After a period of global panic late last year, the global Ebola epidemic finally leveled out.
But that's not to say the disease, which killed thousands in just a few months' time, is completely eradicated.
Dr. Ian Crozier contracted Ebola last September while working in a treatment clinic in Sierra Leone. He was one of many World Health Organization volunteers sent to West Africa to aid the nation's under-equipped medical community.
After a month of intense treatment at Atlanta's Emory University Hospital, Crozier, who came close to death, was declared Ebola-free, and he was released.
Not long after, he began to experience problems with his left eye becoming inflamed and irritated.

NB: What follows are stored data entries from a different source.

lemma X_connected_if_X_smooth:
  fixes Q1 Q2 Q3 :: "'K::field^3^3"
  assumes closed: "alg_closed_type TYPE('K)" and smooth: "X_smooth Q1 Q2 Q3"
  shows "X_connected Q1 Q2 Q3"
  unfolding X_connected_def
proof
  assume "\<exists>G. - chart_z1 Q1 Q2 Q3 = G^2"
  then obtain G where G: "chart_z1 Q1 Q2 Q3 = - (G * G)"
    by (metis minus_equation_iff power2_eq_square)
  show False
  proof (cases "degree G = 0")
    case True
    then have "degree (chart_z1 Q1 Q2 Q3) = 0"
      using G degree_mult_le[of G G] by simp
    then show False using degree_chart_z1_ge_if_X_smooth[OF smooth] by simp
  next
    case False
    then obtain t where "poly G t = 0"
      using closed by (auto simp: alg_closed_type_def)
    then show False
      using smooth affine_dc_smooth_no_common_root[of "chart_z1 Q1 Q2 Q3" t]
      by (simp add: G X_smooth_def pderiv_mult pderiv_minus)
  qed
qed

section \<open>The special fibre\<close>

lemma not_quartic_C_smooth_at:
  fixes F2 F1 F0 H2 H1 H0 G2 G1 G0 x :: "'K::field"
  assumes "bq F2 F1 F0 x 1 * bq G2 G1 G0 x 1 = 0"
    and "(2*F2*x + F1) * bq G2 G1 G0 x 1 + bq F2 F1 F0 x 1 * (2*G2*x + G1) = 0"
    and "(F1*x + 2*F0) * bq G2 G1 G0 x 1 + bq F2 F1 F0 x 1 * (G1*x + 2*G0) = 0"
  shows "\<not> quartic_C_smooth F2 F1 F0 H2 H1 H0 G2 G1 G0"
  unfolding quartic_C_smooth_def Let_def not_not
  by (rule exI[of _ x], rule exI[of _ 0], rule exI[of _ 1]) (use assms in simp)

lemma not_curve_D_smooth_at:
  fixes F2 F1 F0 H2 H1 H0 G2 G1 G0 x y :: "'K::field"
  assumes "y^2 - bq H2 H1 H0 x 1 * y + bq F2 F1 F0 x 1 * bq G2 G1 G0 x 1 = 0"
    and "- (2*H2*x + H1) * y + (2*F2*x + F1) * bq G2 G1 G0 x 1 + bq F2 F1 F0 x 1 * (2*G2*x + G1) = 0"
    and "2 * y - bq H2 H1 H0 x 1 = 0"
    and "- (H1*x + 2*H0) * y + (F1*x + 2*F0) * bq G2 G1 G0 x 1 + bq F2 F1 F0 x 1 * (G1*x + 2*G0) = 0"
  shows "\<not> curve_D_smooth F2 F1 F0 H2 H1 H0 G2 G1 G0"
  unfolding curve_D_smooth_def Let_def not_not
  by (rule exI[of _ x], rule exI[of _ y], rule exI[of _ 1])
    (use assms in \<open>simp add: algebra_simps\<close>)

lemma quartic_C_smooth_swap:
  "quartic_C_smooth F0 F1 F2 H0 H1 H2 G0 G1 G2 \<longleftrightarrow> quartic_C_smooth F2 F1 F0 H2 H1 H0 G2 G1 G0"
  unfolding quartic_C_smooth_def Let_def bq_def
  by (intro arg_cong[where f = Not] iffI; elim exE; rule_tac x = z in exI,
      rule_tac x = y in exI, rule_tac x = x in exI; force simp: algebra_simps)

lemma curve_D_smooth_swap:
  "curve_D_smooth F0 F1 F2 H0 H1 H2 G0 G1 G2 \<longleftrightarrow> curve_D_smooth F2 F1 F0 H2 H1 H0 G2 G1 G0"
  unfolding curve_D_smooth_def Let_def bq_def
  by (intro arg_cong[where f = Not] iffI; elim exE; rule_tac x = z in exI,
      rule_tac x = y in exI, rule_tac x = x in exI; force simp: algebra_simps)

lemma product_double_zero_from_pencil:
  fixes a c a' c' f fx fz g gx gz :: "'K::field"
  assumes "a*f + c*g = 0" "a*fx + c*gx = 0" "a*fz + c*gz = 0" "a \<noteq> 0 \<or> c \<noteq> 0"
    and "a \<noteq> 0 \<Longrightarrow> c \<noteq> 0 \<Longrightarrow> a'*f + c'*g = 0 \<and> a*c' \<noteq> a'*c"
  shows "f*g = 0 \<and> fx*g + f*gx = 0 \<and> fz*g + f*gz = 0"
proof -
  consider "a = 0" | "c = 0" | "a \<noteq> 0" "c \<noteq> 0" by blast
  then show ?thesis
  proof cases
    case 3
    then have "a'*f + c'*g = 0" "a*c' \<noteq> a'*c" using assms(5) by blast+
    then have "(a*c' - a'*c) * f = 0" "(a*c' - a'*c) * g = 0"
      using assms(1) by algebra+
    then show ?thesis using \<open>a*c' \<noteq> a'*c\<close> by simp
  qed (use assms in auto)
qed

(* With U = c y + b f and a c = b^2 one has
   c^2 (y^2 - h y + f g) = U^2 - U (2 b f + c h) + c f (a f + b h + c g); take U = 0. *)
lemma conic_point_from_pencil:
  fixes a b c f fx fz g gx gz h hx hz :: "'K::field"
  assumes "a*c = b^2" "c \<noteq> 0"
    and "a*f + b*h + c*g = 0" "a*fx + b*hx + c*gx = 0" "a*fz + b*hz + c*gz = 0"
    and "2*b*f + c*h = 0"
  obtains y where "y^2 - h*y + f*g = 0" "- hx*y + fx*g + f*gx = 0" "2*y - h = 0"
    "- hz*y + fz*g + f*gz = 0"
proof
  define y where "y = - b * f / c"
  have y: "c * y = - b * f" using assms(2) by (simp add: y_def)
  have "c^2 * (y^2 - h*y + f*g) = 0" "c^2 * (- hx*y + fx*g + f*gx) = 0" "c * (2*y - h) = 0"
    "c^2 * (- hz*y + fz*g + f*gz) = 0"
    using assms y by algebra+
  then show "y^2 - h*y + f*g = 0" "- hx*y + fx*g + f*gx = 0" "2*y - h = 0" "- hz*y + fz*g + f*gz = 0"
    using assms(2) by simp_all
qed

lemma pencil_tangent_not_proportional:
  fixes F2 F1 H2 H1 G2 G1 t a b c a' b' c' l m :: "'K::field"
  assumes "(2::'K) \<noteq> 0"
    and "a*F2 + b*H2 + c*G2 = 1" "a*F1 + b*H1 + c*G1 = 2*t"
    and "a'*F2 + b'*H2 + c'*G2 = 0" "a'*F1 + b'*H1 + c'*G1 = 2"
    and "l \<noteq> 0" "l*a' = m*a" "l*b' = m*b" "l*c' = m*c"
  shows False
proof -
  have "l * 2 = 0"
    using assms(2-5,7-9) by algebra
  then show False using assms(1,6) by simp
qed

(* The hypotheses say a f + b h + c g = (x + t z)^2 and a' f + b' h + c' g = 2 z (x + t z)
   as binary forms, evaluated at (x : z) = (-t : 1) below. *)
lemma singular_point_if_pencil_double_root:
  fixes F2 F1 F0 H2 H1 H0 G2 G1 G0 t a b c a' b' c' :: "'K::field"
  assumes two: "(2::'K) \<noteq> 0"
    and C1: "a*F2 + b*H2 + c*G2 = 1" and C2: "a*F1 + b*H1 + c*G1 = 2*t"
    and C3: "a*F0 + b*H0 + c*G0 = t^2"
    and D1: "a'*F2 + b'*H2 + c'*G2 = 0" and D2: "a'*F1 + b'*H1 + c'*G1 = 2"
    and D3: "a'*F0 + b'*H0 + c'*G0 = 2*t"
    and P: "b*(a*c - b^2) = 0" and P': "b'*(a*c - b^2) + b*(a'*c + a*c' - 2*b*b') = 0"
  shows "\<not> quartic_C_smooth F2 F1 F0 H2 H1 H0 G2 G1 G0
    \<or> \<not> curve_D_smooth F2 F1 F0 H2 H1 H0 G2 G1 G0"
proof -
  define x where "x = - t"
  define f fx fz where f_def: "f = bq F2 F1 F0 x 1" and fx_def: "fx = 2*F2*x + F1"
    and fz_def: "fz = F1*x + 2*F0"
  define h hx hz where h_def: "h = bq H2 H1 H0 x 1" and hx_def: "hx = 2*H2*x + H1"
    and hz_def: "hz = H1*x + 2*H0"
  define g gx gz where g_def: "g = bq G2 G1 G0 x 1" and gx_def: "gx = 2*G2*x + G1"
    and gz_def: "gz = G1*x + 2*G0"
  have pencil: "a*f + b*h + c*g = 0" "a*fx + b*hx + c*gx = 0" "a*fz + b*hz + c*gz = 0"
    "a'*f + b'*h + c'*g = 0"
    using C1 C2 C3 D1 D2 D3
    unfolding f_def fx_def fz_def h_def hx_def hz_def g_def gx_def gz_def bq_def x_def
      power2_eq_square
    by algebra+
  note independent = pencil_tangent_not_proportional[OF two C1 C2 D1 D2]
  show ?thesis
  proof (cases "b = 0")
    case True
    have "a \<noteq> 0 \<or> c \<noteq> 0" using C1 True by auto
    moreover have "a'*f + c'*g = 0 \<and> a*c' \<noteq> a'*c" if "a \<noteq> 0" "c \<noteq> 0"
    proof
      have "b' = 0" using P' True that by simp
      then show "a'*f + c'*g = 0" using pencil(4) by simp
      show "a*c' \<noteq> a'*c"
        using independent[of a a'] that True \<open>b' = 0\<close> by (auto simp: ac_simps)
    qed
    ultimately have "f*g = 0 \<and> fx*g + f*gx = 0 \<and> fz*g + f*gz = 0"
      using product_double_zero_from_pencil[of a f c g fx gx fz gz a' c'] pencil True by simp
    then show ?thesis
      using not_quartic_C_smooth_at[of F2 F1 F0 x G2 G1 G0]
      unfolding f_def g_def fx_def gx_def fz_def gz_def by auto
  next
    case False
    then have conic: "a*c = b^2" using P by simp
    then have "c \<noteq> 0" using False by auto
    have tangent: "a'*c + a*c' = 2*b*b'" using P' conic False by simp
    have "(b'*c - c'*b) * (2*b*f + c*h) = 0"
      using pencil(1,4) conic tangent by algebra
    moreover have "b'*c \<noteq> c'*b"
    proof
      assume "b'*c = c'*b"
      moreover have "c * (a'*c - c'*a) = 0"
        using calculation conic tangent by algebra
      ultimately show False
        using independent[of c c'] \<open>c \<noteq> 0\<close> by (simp add: ac_simps)
    qed
    ultimately have "2*b*f + c*h = 0" by simp
    then obtain y where "y^2 - h*y + f*g = 0" "- hx*y + fx*g + f*gx = 0" "2*y - h = 0"
      "- hz*y + fz*g + f*gz = 0"
      using conic_point_from_pencil[OF conic \<open>c \<noteq> 0\<close> pencil(1-3)] by blast
    then show ?thesis
      using not_curve_D_smooth_at[of y H2 H1 H0 x F2 F1 F0 G2 G1 G0]
      unfolding f_def g_def h_def fx_def gx_def hx_def fz_def gz_def hz_def by auto
  qed
qed

lemma matrix_vector_mult_vector_3:
  fixes M :: "'a::semiring_1^3^3"
  shows "M *v vector [x1, x2, x3] =
    vector [M$1$1 * x1 + M$1$2 * x2 + M$1$3 * x3, M$2$1 * x1 + M$2$2 * x2 + M$2$3 * x3,
      M$3$1 * x1 + M$3$2 * x2 + M$3$3 * x3]"
  unfolding vec_eq_iff forall_3 matrix_vector_mult_def sum_3 by simp

lemma pencil_entries_eq:
  fixes F2 F1 F0 H2 H1 H0 G2 G1 G0 :: "'K::field" and Q1 Q2 Q3 E1 E2 E3 R :: "'K^3^3"
  defines "A \<equiv> vector [vector [F2, F1, F0], vector [H2, H1, H0], vector [G2, G1, G0]] :: 'K^3^3"
  assumes R: "R ** A = mat 1"
    and e1: "smat F2 Q1 + smat F1 Q2 + smat F0 Q3 = E1"
    and e2: "smat H2 Q1 + smat H1 Q2 + smat H0 Q3 = E2"
    and e3: "smat G2 Q1 + smat G1 Q2 + smat G0 Q3 = E3"
  shows "Q1$r$s = R$1$1 * E1$r$s + R$1$2 * E2$r$s + R$1$3 * E3$r$s"
    and "Q2$r$s = R$2$1 * E1$r$s + R$2$2 * E2$r$s + R$2$3 * E3$r$s"
    and "Q3$r$s = R$3$1 * E1$r$s + R$3$2 * E2$r$s + R$3$3 * E3$r$s"
proof -
  have "F2 * Q1$r$s + F1 * Q2$r$s + F0 * Q3$r$s = E1$r$s"
    "H2 * Q1$r$s + H1 * Q2$r$s + H0 * Q3$r$s = E2$r$s"
    "G2 * Q1$r$s + G1 * Q2$r$s + G0 * Q3$r$s = E3$r$s"
    using arg_cong[OF e1, of "\<lambda>M. M$r$s"] arg_cong[OF e2, of "\<lambda>M. M$r$s"]
      arg_cong[OF e3, of "\<lambda>M. M$r$s"]
    by (simp_all add: smat_def)
  then have Av: "A *v vector [Q1$r$s, Q2$r$s, Q3$r$s] = vector [E1$r$s, E2$r$s, E3$r$s]"
    unfolding matrix_vector_mult_vector_3 by (simp add: A_def)
  have "vector [Q1$r$s, Q2$r$s, Q3$r$s] = R *v (A *v vector [Q1$r$s, Q2$r$s, Q3$r$s])"
    by (simp add: matrix_vector_mul_assoc R)
  also have "\<dots> = R *v vector [E1$r$s, E2$r$s, E3$r$s]"
    by (simp only: Av)
  finally have "vector [Q1$r$s, Q2$r$s, Q3$r$s] = (vector
      [R$1$1 * E1$r$s + R$1$2 * E2$r$s + R$1$3 * E3$r$s,
       R$2$1 * E1$r$s + R$2$2 * E2$r$s + R$2$3 * E3$r$s,
       R$3$1 * E1$r$s + R$3$2 * E2$r$s + R$3$3 * E3$r$s] :: 'K^3)"
    unfolding matrix_vector_mult_vector_3 .
  then show "Q1$r$s = R$1$1 * E1$r$s + R$1$2 * E2$r$s + R$1$3 * E3$r$s"
    "Q2$r$s = R$2$1 * E1$r$s + R$2$2 * E2$r$s + R$2$3 * E3$r$s"
    "Q3$r$s = R$3$1 * E1$r$s + R$3$2 * E2$r$s + R$3$3 * E3$r$s"
    unfolding vec_eq_iff forall_3 vector_3 by blast+
qed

His vision blurred; he became sensitive to light. His left iris, normally blue, turned green.
When doctors tested Crozier's eye, they found something they didn't think possible: The Ebola virus somehow hid in his eye.
Though nearly 40 percent of Ebola survivors in a treatment facility in Liberia presented similar symptoms, doctors there did not identify any of the infections as Ebola.
Fortunately, if it's in the eye, Ebola is not contagious. Crozier once again underwent treatment and was cured.
But survivors in Africa, who have limited access to proper health care, face less-positive prognoses; without proper treatment, blindness is likely.
While most countries officially declared the outbreak over, the fight may not be.